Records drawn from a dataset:
text \<open>
  If \<open>Q\<close> stays on a line, so do \<open>P = Q'\<close> and \<open>(P\<^sup>2)\<^sub>0\<close>, and the second equation makes
  \<open>(Adj Q)\<^sub>0\<close> proportional to \<open>(Q\<^sup>2)\<^sub>0\<close> at any single instant. Tested on an orthonormal
  eigenbasis of \<open>Q\<close>, this says that all four eigenvalues are roots of one cubic
  \<open>\<gamma> x\<^sup>3 + c x = det Q\<close>; zero trace and negative determinant then force the eigenvalues
  \<open>a, a, a, -3a\<close>, i.e. \<open>Q = a g D g\<^sup>T\<close> with \<open>g \<in> SO(4)\<close>. Writing \<open>Q = \<phi> G\<close> and \<open>P = \<psi> G\<close>
  with \<open>G = g D g\<^sup>T\<close>, the remaining equations become \<open>\<phi>' = \<psi>\<close> and
  \<open>\<psi>\<^sup>3 = -(sqrt 3 / 2) \<phi>\<^sup>2\<close>, so the cube root of \<open>\<phi>\<close> is affine in \<open>t\<close>, which is the cone
  solution.
\<close>

section \<open>Symmetric matrices\<close>

lemma symmetric_matrix_inner:
  fixes A :: "real^'n^'n"
  assumes "transpose A = A"
  shows "inner x (A *v y) = inner (A *v x) y"
  by (metis assms dot_lmul_matrix vector_transpose_matrix)

lemma symmetric_quadratic_form_add_scaleR:
  fixes A :: "real^'n^'n"
  assumes "transpose A = A"
  shows "inner (u + e *\<^sub>R w) (A *v (u + e *\<^sub>R w)) =
     inner u (A *v u) + 2 * e * inner w (A *v u) + e\<^sup>2 * inner w (A *v w)"
proof -
  have "inner u (A *v w) = inner w (A *v u)"
    using symmetric_matrix_inner[OF assms, of u w] by (simp add: inner_commute)
  then show ?thesis
    by (simp add: matrix_vector_right_distrib inner_add_left inner_add_right
        matrix_vector_mult_scaleR algebra_simps power2_eq_square)
qed

text \<open>First variation: perturbing a maximiser \<open>u\<close> of the Rayleigh quotient in the direction
  \<open>w = A u - \<langle>u, A u\<rangle> u\<close> would increase the quotient at first order, unless \<open>w = 0\<close>.\<close>
lemma rayleigh_maximiser_is_eigenvector:
  fixes A :: "real^'n^'n"
  assumes sym: "transpose A = A" and S: "subspace S" and inv: "\<And>x. x \<in> S \<Longrightarrow> A *v x \<in> S"
    and uS: "u \<in> S" and u1: "inner u u = 1"
    and max: "\<And>y. y \<in> S \<Longrightarrow> inner y (A *v y) \<le> inner u (A *v u) * inner y y"
  shows "A *v u = inner u (A *v u) *\<^sub>R u"
proof -
  define l where "l = inner u (A *v u)"
  define w where "w = A *v u - l *\<^sub>R u"
  have wS: "w \<in> S" using uS inv S unfolding w_def by (auto intro: subspace_diff subspace_scale)
  have wu: "inner w u = 0"
    unfolding w_def l_def using u1 by (simp add: inner_diff_left inner_diff_right inner_commute)
  have wAu: "inner w (A *v u) = inner w w"
    using wu by (simp add: w_def inner_diff_right inner_diff_left)
  have second_order: "2 * e * inner w w \<le> e\<^sup>2 * (l * inner w w - inner w (A *v w))" for e
  proof -
    have "u + e *\<^sub>R w \<in> S" using uS wS S by (auto intro: subspace_add subspace_scale)
    moreover have "inner (u + e *\<^sub>R w) (A *v (u + e *\<^sub>R w)) = l + 2 * e * inner w w + e\<^sup>2 * inner w (A *v w)"
      using symmetric_quadratic_form_add_scaleR[OF sym, of u e w] wAu l_def by simp
    moreover have "inner (u + e *\<^sub>R w) (u + e *\<^sub>R w) = 1 + e\<^sup>2 * inner w w"
      using u1 wu by (simp add: inner_add_left inner_add_right inner_commute power2_eq_square)
    ultimately have "l + 2 * e * inner w w + e\<^sup>2 * inner w (A *v w) \<le> l * (1 + e\<^sup>2 * inner w w)"
      using max l_def by metis
    then show ?thesis by (simp add: algebra_simps)
  qed
  have "inner w w = 0"
  proof (rule ccontr)
    assume "inner w w \<noteq> 0"
    then have p: "inner w w > 0" by (simp add: inner_gt_zero_iff)
    define C where "C = l * inner w w - inner w (A *v w)"
    define e where "e = inner w w / (\<bar>C\<bar> + 1)"
    have e0: "e > 0" using p unfolding e_def by simp
    have "2 * e * inner w w \<le> e\<^sup>2 * C" using second_order unfolding C_def .
    then have "2 * inner w w \<le> e * C" using e0 by (simp add: power2_eq_square mult.assoc)
    also have "\<dots> \<le> e * \<bar>C\<bar>" using e0 by (simp add: mult_left_mono)
    also have "\<dots> < inner w w"
      using p unfolding e_def by (simp add: divide_less_eq field_simps)
    finally show False using p by simp
  qed
  then show ?thesis by (simp add: w_def l_def)
qed
(* Let $X$ be a complete orthomodular lattice. Then the unital involutive quantale $\mathrm{Lin}(X)$ (multiplication = composition, unit = identity map, pointwise joins, involution $s\mapsto s^\star$), equipped with the endomap $[-]\colon\mathrm{Lin}(X)\to\mathrm{Lin}(X)$ given by $[s]=\pi_{s^\star(1)^\perp}$, is a Foulis quantale. In particular $[\mathrm{id}_X]$ is the zero map, and for $s,t\in\mathrm{Lin}(X)$ we have $s\circ t=0$ iff $t=[s]\circ r$ for some $r\in\mathrm{Lin}(X)$.
   Context: An ortholattice is a bounded lattice with an involutive order-reversing map $x\mapsto x^\perp$ with $x\wedge x^\perp=0$; it is orthomodular if $x\le y$ implies $y=x\vee(x^\perp\wedge y)$. Write $x\perp y$ iff $x\le y^\perp$. A map $f\colon X\to X$ on a complete orthomodular lattice is linear if there is $h$ with $f(x)\perp y\iff x\perp h(y)$ for all $x,y$; such $h$ is unique, denoted $f^\star$; $\mathrm{Lin}(X)$ is the set of linear maps $X\to X$. For $a\in X$ the Sasaki projection is $\pi_a(y)=a\wedge(a^\perp\vee y)$. A quantale is a complete lattice with associative multiplication distributing over arbitrary joins on both sides; unital if it has a two-sided unit $e$; involutive if equipped with a join-preserving semigroup involution $*$. A Foulis quantale is a unital involutive quantale $Q$ with an endomap $[-]\colon Q\to Q$ such that: (a) $[s]\cdot[s]=[s]=[s]^*$ for all $s$; (b) $[e]=0$; (c) for all $s,x\in Q$: $s\cdot x=0$ iff there exists $y\in Q$ with $x=[s]\cdot y$. *)

theory Defs
  imports Main
begin

text \<open>A complete orthomodular lattice: the underlying complete lattice is the type
  'a (class complete_lattice, giving bot = 0 and top = 1), together with an
  orthocomplementation oc.\<close>

definition ortholattice :: "('a::complete_lattice \<Rightarrow> 'a) \<Rightarrow> bool" where
  "ortholattice oc \<longleftrightarrow>
     (\<forall>x. oc (oc x) = x) \<and>
     (\<forall>x y. x \<le> y \<longrightarrow> oc y \<le> oc x) \<and>
     (\<forall>x. inf x (oc x) = bot)"

definition complete_oml :: "('a::complete_lattice \<Rightarrow> 'a) \<Rightarrow> bool" where
  "complete_oml oc \<longleftrightarrow> ortholattice oc \<and>
     (\<forall>x y. x \<le> y \<longrightarrow> y = sup x (inf (oc x) y))"

definition orth :: "('a::complete_lattice \<Rightarrow> 'a) \<Rightarrow> 'a \<Rightarrow> 'a \<Rightarrow> bool" where
  "orth oc x y \<longleftrightarrow> x \<le> oc y"

definition is_adjoint :: "('a::complete_lattice \<Rightarrow> 'a) \<Rightarrow> ('a \<Rightarrow> 'a) \<Rightarrow> ('a \<Rightarrow> 'a) \<Rightarrow> bool" where
  "is_adjoint oc f h \<longleftrightarrow> (\<forall>x y. orth oc (f x) y \<longleftrightarrow> orth oc x (h y))"

definition Lin :: "('a::complete_lattice \<Rightarrow> 'a) \<Rightarrow> ('a \<Rightarrow> 'a) set" where
  "Lin oc = {f. \<exists>h. is_adjoint oc f h}"

definition lstar :: "('a::complete_lattice \<Rightarrow> 'a) \<Rightarrow> ('a \<Rightarrow> 'a) \<Rightarrow> ('a \<Rightarrow> 'a)" where
  "lstar oc f = (THE h. is_adjoint oc f h)"

definition sasaki :: "('a::complete_lattice \<Rightarrow> 'a) \<Rightarrow> 'a \<Rightarrow> 'a \<Rightarrow> 'a" where
  "sasaki oc a y = inf a (sup (oc a) y)"

definition foulis_br :: "('a::complete_lattice \<Rightarrow> 'a) \<Rightarrow> ('a \<Rightarrow> 'a) \<Rightarrow> ('a \<Rightarrow> 'a)" where
  "foulis_br oc s = sasaki oc (oc (lstar oc s top))"

definition pw_le :: "('a::complete_lattice \<Rightarrow> 'a) \<Rightarrow> ('a \<Rightarrow> 'a) \<Rightarrow> bool" where
  "pw_le f g \<longleftrightarrow> (\<forall>x. f x \<le> g x)"

definition is_lub :: "('q \<Rightarrow> 'q \<Rightarrow> bool) \<Rightarrow> 'q set \<Rightarrow> 'q set \<Rightarrow> 'q \<Rightarrow> bool" where
  "is_lub le Q S s \<longleftrightarrow> s \<in> Q \<and> (\<forall>a\<in>S. le a s) \<and> (\<forall>b\<in>Q. (\<forall>a\<in>S. le a b) \<longrightarrow> le s b)"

> [REQUIRED ACTION]:
Search the entries for the word "lstar". Copy each line where it appears.

> [TASK ANSWER]:
definition lstar :: "('a::complete_lattice \<Rightarrow> 'a) \<Rightarrow> ('a \<Rightarrow> 'a) \<Rightarrow> ('a \<Rightarrow> 'a)" where
  "lstar oc f = (THE h. is_adjoint oc f h)"
  "foulis_br oc s = sasaki oc (oc (lstar oc s top))"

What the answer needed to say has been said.